Recommendation: Route the FC03 read in WriteBitInRegisterAsync through ReadRegisterBlockAsync — the same validated path the normal read uses — so truncated responses throw InvalidDataException rather than IndexOutOfRangeException.
Resolution: Resolved 2026-06-19 (SHA blank) — replaced direct transport.SendAsync + raw indexing in WriteBitInRegisterAsync with a ReadRegisterBlockAsync(... qty=1 ...) call. ReadRegisterBlockAsync validates resp.Length >= 2, resp.Length >= 2 + resp[1], and byte-count-vs-quantity before returning clean [hi, lo] register bytes. Regression test: ModbusBitRmwTests.BitInRegister_write_with_truncated_FC03_response_returns_BadCommunicationError.
Driver.Modbus-014
| Field | Value |
|---|---|
| Severity | Low |
| Category | Error handling & resilience |
| Location | ModbusDriver.cs:990-993 |
| Status | Resolved |
Description: WriteAsync's generic catch (Exception) arm mapped all non-ModbusException failures to StatusBadInternalError (0x80020000). This includes InvalidDataException thrown by ReadRegisterBlockAsync for a malformed PDU during a BitInRegister RMW read — a communication/protocol error, not a driver code defect. By contrast, ReadAsync correctly returns StatusBadCommunicationError (0x80050000) for the same class of failure. The asymmetry makes write-time communication errors look like internal driver bugs to OPC UA clients monitoring StatusCodes, complicating diagnosis.

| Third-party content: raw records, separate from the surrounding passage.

(* Let $G$ be a finite graph with $n$ vertices given together with an RDV representation (rooted host tree $T$). Let $v_1,\dots,v_n$ be any bottom-up enumeration of the vertices of $G$ with respect to this representation. Then the greedy matching algorithm, run on $G$ with vertex order $v_1,\dots,v_n$, returns a maximum matching of $G$, i.e., a matching of largest possible cardinality.
   Context: An RDV representation of a graph $G$ consists of a rooted tree $T$ (the host tree; its vertices are called nodes) and, for every vertex $v$ of $G$, a downward path $P(v)$ in $T$ (a path that starts at some node and then always proceeds from a node to one of its children), such that for distinct vertices $v,w$, $vw$ is an edge of $G$ if and only if $P(v)$ and $P(w)$ share at least one node. For a vertex $v$, $t(v)$ denotes the node of $P(v)$ closest to the root, and $b(v)$ the node of $P(v)$ farthest from the root. A bottom-up enumeration is an ordering of the vertices of $G$ by non-increasing distance of $t(v)$ from the root of $T$ (ties broken arbitrarily). The greedy matching algorithm with vertex order $v_1,\dots,v_n$: start with $M=\emptyset$; for $i=1,\dots,n$, if $v_i$ is not yet matched (not an endpoint of an edge of $M$) and has at least one unmatched neighbour, then among its unmatched neighbours choose the one $v_j$ with smallest index $j$ and add the edge $v_iv_j$ to $M$; finally return $M$. *)

theory Defs
  imports Main
begin

definition rooted_tree :: "'n set \<Rightarrow> 'n \<Rightarrow> ('n \<Rightarrow> 'n) \<Rightarrow> bool" where
  "rooted_tree N r par \<longleftrightarrow> finite N \<and> r \<in> N \<and> par r = r \<and>
     (\<forall>x\<in>N. par x \<in> N) \<and> (\<forall>x\<in>N. \<exists>k. (par ^^ k) x = r)"

definition depth :: "'n \<Rightarrow> ('n \<Rightarrow> 'n) \<Rightarrow> 'n \<Rightarrow> nat" where
  "depth r par x = (LEAST k. (par ^^ k) x = r)"

definition downward_path :: "'n set \<Rightarrow> ('n \<Rightarrow> 'n) \<Rightarrow> 'n list \<Rightarrow> bool" where
  "downward_path N par p \<longleftrightarrow> p \<noteq> [] \<and> set p \<subseteq> N \<and>
     (\<forall>i. Suc i < length p \<longrightarrow> par (p ! Suc i) = p ! i \<and> p ! Suc i \<noteq> p ! i)"

definition rdv_rep :: "'a set \<Rightarrow> ('a \<Rightarrow> 'a \<Rightarrow> bool) \<Rightarrow> 'n set \<Rightarrow> 'n \<Rightarrow> ('n \<Rightarrow> 'n)
    \<Rightarrow> ('a \<Rightarrow> 'n list) \<Rightarrow> bool" where
  "rdv_rep V adj N r par P \<longleftrightarrow> rooted_tree N r par \<and>
     (\<forall>v\<in>V. downward_path N par (P v)) \<and>
     (\<forall>v\<in>V. \<forall>w\<in>V. v \<noteq> w \<longrightarrow> (adj v w \<longleftrightarrow> set (P v) \<inter> set (P w) \<noteq> {}))"

text \<open>t(v) is the top node of P(v), i.e. the head of the list.\<close>
definition bottom_up_enum :: "'a set \<Rightarrow> 'n \<Rightarrow> ('n \<Rightarrow> 'n) \<Rightarrow> ('a \<Rightarrow> 'n list) \<Rightarrow> 'a list \<Rightarrow> bool" where
  "bottom_up_enum V r par P vs \<longleftrightarrow> distinct vs \<and> set vs = V \<and>
     (\<forall>i j. i < j \<longrightarrow> j < length vs \<longrightarrow>
        depth r par (hd (P (vs ! j))) \<le> depth r par (hd (P (vs ! i))))"

definition is_matching :: "'a set \<Rightarrow> ('a \<Rightarrow> 'a \<Rightarrow> bool) \<Rightarrow> 'a set set \<Rightarrow> bool" where
  "is_matching V adj M \<longleftrightarrow>
     (\<forall>e\<in>M. \<exists>u v. e = {u, v} \<and> u \<in> V \<and> v \<in> V \<and> u \<noteq> v \<and> adj u v) \<and>
     (\<forall>e1\<in>M. \<forall>e2\<in>M. e1 \<noteq> e2 \<longrightarrow> e1 \<inter> e2 = {})"

definition is_max_matching :: "'a set \<Rightarrow> ('a \<Rightarrow> 'a \<Rightarrow> bool) \<Rightarrow> 'a set set \<Rightarrow> bool" where
  "is_max_matching V adj M \<longleftrightarrow> is_matching V adj M \<and>
     (\<forall>M'. is_matching V adj M' \<longrightarrow> card M' \<le> card M)"

text \<open>Greedy matching. Since the order is a distinct list, the first element of the
  order satisfying the predicate is the unmatched neighbour of smallest index.\<close>
fun greedy_aux :: "('a \<Rightarrow> 'a \<Rightarrow> bool) \<Rightarrow> 'a list \<Rightarrow> 'a list \<Rightarrow> 'a set set \<Rightarrow> 'a set set" where
  "greedy_aux adj order [] M = M"
| "greedy_aux adj order (v # rest) M =
     greedy_aux adj order rest
       (if v \<in> \<Union>M then M
        else (case find (\<lambda>w. w \<noteq> v \<and> adj v w \<and> w \<notin> \<Union>M) order of
                None \<Rightarrow> M
              | Some w \<Rightarrow> insert {v, w} M))"

definition greedy_matching :: "('a \<Rightarrow> 'a \<Rightarrow> bool) \<Rightarrow> 'a list \<Rightarrow> 'a set set" where
  "greedy_matching adj vs = greedy_aux adj vs vs {}"

end

theory Submission
  imports Defs
begin

text \<open>We show that after each step the greedy matching extends some maximum matching that
  agrees with it at every vertex processed so far. When the current vertex \<open>v\<close> takes its
  first free neighbour \<open>w\<close> while the maximum matching uses edges \<open>vu\<close> and \<open>wx\<close>, the bottom-up
  order gives \<open>depth t(u) \<le> depth t(w) \<le> depth t(v)\<close> and \<open>depth t(x) \<le> depth t(v)\<close>. Then
  \<open>t(v)\<close> lies on \<open>P(u)\<close> and \<open>P(w)\<close>, and the path \<open>P(x)\<close>, which meets \<open>P(w)\<close>, also meets
  \<open>P(u)\<close>; so \<open>ux\<close> is an edge and \<open>{vw, ux}\<close> can replace \<open>{vu, wx}\<close>.\<close>

lemma depth_eq:
  assumes T: "rooted_tree N r par" and x: "x \<in> N"
  shows "depth r par x = (if x = r then 0 else Suc (depth r par (par x)))"
proof (cases "x = r")
  case True
  then show ?thesis unfolding depth_def by (simp add: Least_eq_0)
next
  case False
  obtain k where k: "(par ^^ k) x = r" using T x unfolding rooted_tree_def by blast
  have "(LEAST k. (par ^^ k) x = r) = Suc (LEAST m. (par ^^ Suc m) x = r)"
    by (rule Least_Suc[where P="\<lambda>k. (par ^^ k) x = r", OF k]) (use False in simp)
  also have "(\<lambda>m. (par ^^ Suc m) x = r) = (\<lambda>m. (par ^^ m) (par x) = r)"
    by (simp add: funpow_Suc_right del: funpow.simps)
  finally show ?thesis using False unfolding depth_def by simp
qed

lemma depth_root: "depth r par r = 0"
  unfolding depth_def by (simp add: Least_eq_0)

lemma funpow_parent_in:
  "rooted_tree N r par \<Longrightarrow> x \<in> N \<Longrightarrow> (par ^^ k) x \<in> N"
  by (induction k) (auto simp: rooted_tree_def)

lemma depth_funpow_parent:
  assumes T: "rooted_tree N r par" and x: "x \<in> N"
  shows "depth r par ((par ^^ k) x) = depth r par x - k"
proof (induction k)
  case 0
  then show ?case by simp
next
  case (Suc k)
  define y where "y = (par ^^ k) x"
  have "depth r par (par y) = depth r par y - 1"
    using depth_eq[OF T funpow_parent_in[OF T x]] depth_root T
    by (cases "y = r") (auto simp: y_def rooted_tree_def)
  then show ?case using Suc by (simp add: y_def)
qed

lemma funpow_parent_eq_root:
  assumes T: "rooted_tree N r par" and x: "x \<in> N" and k: "depth r par x \<le> k"
  shows "(par ^^ k) x = r"
proof -
  obtain k0 where "(par ^^ k0) x = r" using T x unfolding rooted_tree_def by blast
  then have root: "(par ^^ depth r par x) x = r" unfolding depth_def by (rule LeastI)
  have "(par ^^ k) x = (par ^^ (k - depth r par x)) ((par ^^ depth r par x) x)"
    using k by (simp flip: funpow_add[THEN fun_cong, simplified])
  moreover have "(par ^^ m) r = r" for m
    using T by (induction m) (auto simp: rooted_tree_def)
  ultimately show ?thesis using root by metis
qed

lemma ancestor_eq_if_depth_eq:
  assumes T: "rooted_tree N r par" and y: "y \<in> N"
    and eq: "depth r par ((par ^^ i) y) = depth r par ((par ^^ j) y)"
  shows "(par ^^ i) y = (par ^^ j) y"
proof (cases "i \<le> depth r par y \<and> j \<le> depth r par y")
  case True
  then show ?thesis using eq depth_funpow_parent[OF T y] by (metis diff_diff_cancel)
next
  case False
  then have "(par ^^ i) y = r \<or> (par ^^ j) y = r" using funpow_parent_eq_root[OF T y] by auto
  then show ?thesis
    using eq depth_eq[OF T] depth_root funpow_parent_in[OF T y]
    by (metis nat.distinct(1))
qed

lemma downward_path_funpow_nth:
  assumes p: "downward_path N par p" and i: "i + k < length p"
  shows "(par ^^ k) (p ! (i + k)) = p ! i"
  using i
proof (induction k)
  case 0
  then show ?case by simp
next
  case (Suc k)
  have "par (p ! Suc (i + k)) = p ! (i + k)" using p Suc.prems unfolding downward_path_def by auto
  then show ?case using Suc by (simp add: funpow_Suc_right del: funpow.simps)
qed

lemma downward_path_depth_nth:
  assumes T: "rooted_tree N r par" and p: "downward_path N par p" and j: "j < length p"
  shows "depth r par (p ! j) = depth r par (hd p) + j"
  using j
proof (induction j)
  case 0
  then show ?case using p by (simp add: downward_path_def hd_conv_nth)
next
  case (Suc j)
  have step: "par (p ! Suc j) = p ! j" "p ! Suc j \<noteq> p ! j" "p ! Suc j \<in> N"
    using p Suc.prems unfolding downward_path_def by auto
  then have "p ! Suc j \<noteq> r" using T by (auto simp: rooted_tree_def)
  then show ?case using depth_eq[OF T step(3)] step Suc by simp
qed

lemma depth_hd_le:
  "rooted_tree N r par \<Longrightarrow> downward_path N par p \<Longrightarrow> y \<in> set p \<Longrightarrow>
    depth r par (hd p) \<le> depth r par y"
  by (auto simp: in_set_conv_nth downward_path_depth_nth)

lemma ancestor_in_downward_path:
  assumes T: "rooted_tree N r par" and p: "downward_path N par p"
    and y: "y \<in> set p" and d: "depth r par (hd p) \<le> depth r par ((par ^^ k) y)"
  shows "(par ^^ k) y \<in> set p"
proof -
  obtain j where j: "j < length p" "y = p ! j" using y by (auto simp: in_set_conv_nth)
  have yN: "y \<in> N" using p y unfolding downward_path_def by auto
  define i where "i = depth r par ((par ^^ k) y) - depth r par (hd p)"
  have dy: "depth r par y = depth r par (hd p) + j"
    using downward_path_depth_nth[OF T p j(1)] j by simp
  then have ij: "i \<le> j" using depth_funpow_parent[OF T yN, of k] by (simp add: i_def)
  have pi: "(par ^^ (j - i)) y = p ! i" using downward_path_funpow_nth[OF p, of i "j - i"] j ij by simp
  have "depth r par (p ! i) = depth r par ((par ^^ k) y)"
    using downward_path_depth_nth[OF T p, of i] j ij d by (simp add: i_def)
  then have "(par ^^ (j - i)) y = (par ^^ k) y" using ancestor_eq_if_depth_eq[OF T yN] pi by metis
  then show ?thesis using pi j ij by (metis nth_mem order.strict_trans1)
qed

lemma downward_path_nodes_comparable:
  assumes p: "downward_path N par p" and y: "y \<in> set p" and z: "z \<in> set p"
  shows "(\<exists>k. (par ^^ k) y = z) \<or> (\<exists>k. (par ^^ k) z = y)"
proof -
  obtain i j where "i < length p" "y = p ! i" "j < length p" "z = p ! j"
    using y z by (auto simp: in_set_conv_nth)
  then show ?thesis
    using downward_path_funpow_nth[OF p, of i "j - i"] downward_path_funpow_nth[OF p, of j "i - j"]
    by (cases "i \<le> j") auto
qed

lemma hd_in_downward_path_if_meet:
  assumes T: "rooted_tree N r par" and p: "downward_path N par p" and q: "downward_path N par q"
    and meet: "set p \<inter> set q \<noteq> {}" and d: "depth r par (hd q) \<le> depth r par (hd p)"
  shows "hd p \<in> set q"
proof -
  obtain y where y: "y \<in> set p" "y \<in> set q" using meet by blast
  then obtain j where "j < length p" "y = p ! j" by (auto simp: in_set_conv_nth)
  then have "(par ^^ j) y = hd p"
    using downward_path_funpow_nth[OF p, of 0 j] p by (simp add: downward_path_def hd_conv_nth)
  then show ?thesis using ancestor_in_downward_path[OF T q y(2), of j] d by simp
qed

text \<open>The deepest top \<open>hd pv\<close> lies on \<open>pu\<close> and \<open>pw\<close>; \<open>px\<close> meets \<open>pw\<close> either above it
  (then \<open>px\<close> reaches it) or below it (then \<open>pu\<close> reaches that meeting point).\<close>
lemma downward_paths_meet_exchange:
  assumes T: "rooted_tree N r par"
    and pv: "downward_path N par pv" and pu: "downward_path N par pu"
    and pw: "downward_path N par pw" and px: "downward_path N par px"
    and vu: "set pv \<inter> set pu \<noteq> {}" and vw: "set pv \<inter> set pw \<noteq> {}" and wx: "set pw \<inter> set px \<noteq> {}"
    and uw: "depth r par (hd pu) \<le> depth r par (hd pw)"
    and wv: "depth r par (hd pw) \<le> depth r par (hd pv)"
    and xv: "depth r par (hd px) \<le> depth r par (hd pv)"
  shows "set pu \<inter> set px \<noteq> {}"
proof -
  have tu: "hd pv \<in> set pu" using hd_in_downward_path_if_meet[OF T pv pu vu] uw wv by simp
  have tw: "hd pv \<in> set pw" using hd_in_downward_path_if_meet[OF T pv pw vw] wv by simp
  obtain z where z: "z \<in> set pw" "z \<in> set px" using wx by blast
  from downward_path_nodes_comparable[OF pw tw z(1)] show ?thesis
  proof (elim disjE exE)
    fix k assume k: "(par ^^ k) (hd pv) = z"
    have "depth r par (hd pu) \<le> depth r par z" using uw depth_hd_le[OF T pw z(1)] by simp
    then have "z \<in> set pu" using ancestor_in_downward_path[OF T pu tu, of k] k by simp
    then show ?thesis using z by blast
  next
    fix k assume k: "(par ^^ k) z = hd pv"
    have "hd pv \<in> set px" using ancestor_in_downward_path[OF T px z(2), of k] k xv by simp
    then show ?thesis using tu by blast
  qed
qed

lemma is_matchingI:
  assumes "\<And>e. e \<in> M \<Longrightarrow> \<exists>u v. e = {u, v} \<and> u \<in> V \<and> v \<in> V \<and> u \<noteq> v \<and> adj u v"
    and "\<And>e1 e2. e1 \<in> M \<Longrightarrow> e2 \<in> M \<Longrightarrow> e1 \<noteq> e2 \<Longrightarrow> e1 \<inter> e2 = {}"
  shows "is_matching V adj M"
  using assms unfolding is_matching_def by blast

Recommendation: Add a catch (InvalidDataException) arm before the generic catch in WriteAsync that maps the exception to StatusBadCommunicationError, matching the ReadAsync error surface.
Resolution: Resolved 2026-06-19 (SHA blank) — added catch (InvalidDataException) { results[i] = new WriteResult(StatusBadCommunicationError); } between the ModbusException and generic catch arms in WriteAsync. Covered by the same regression test as Driver.Modbus-013: ModbusBitRmwTests.BitInRegister_write_with_truncated_FC03_response_returns_BadCommunicationError.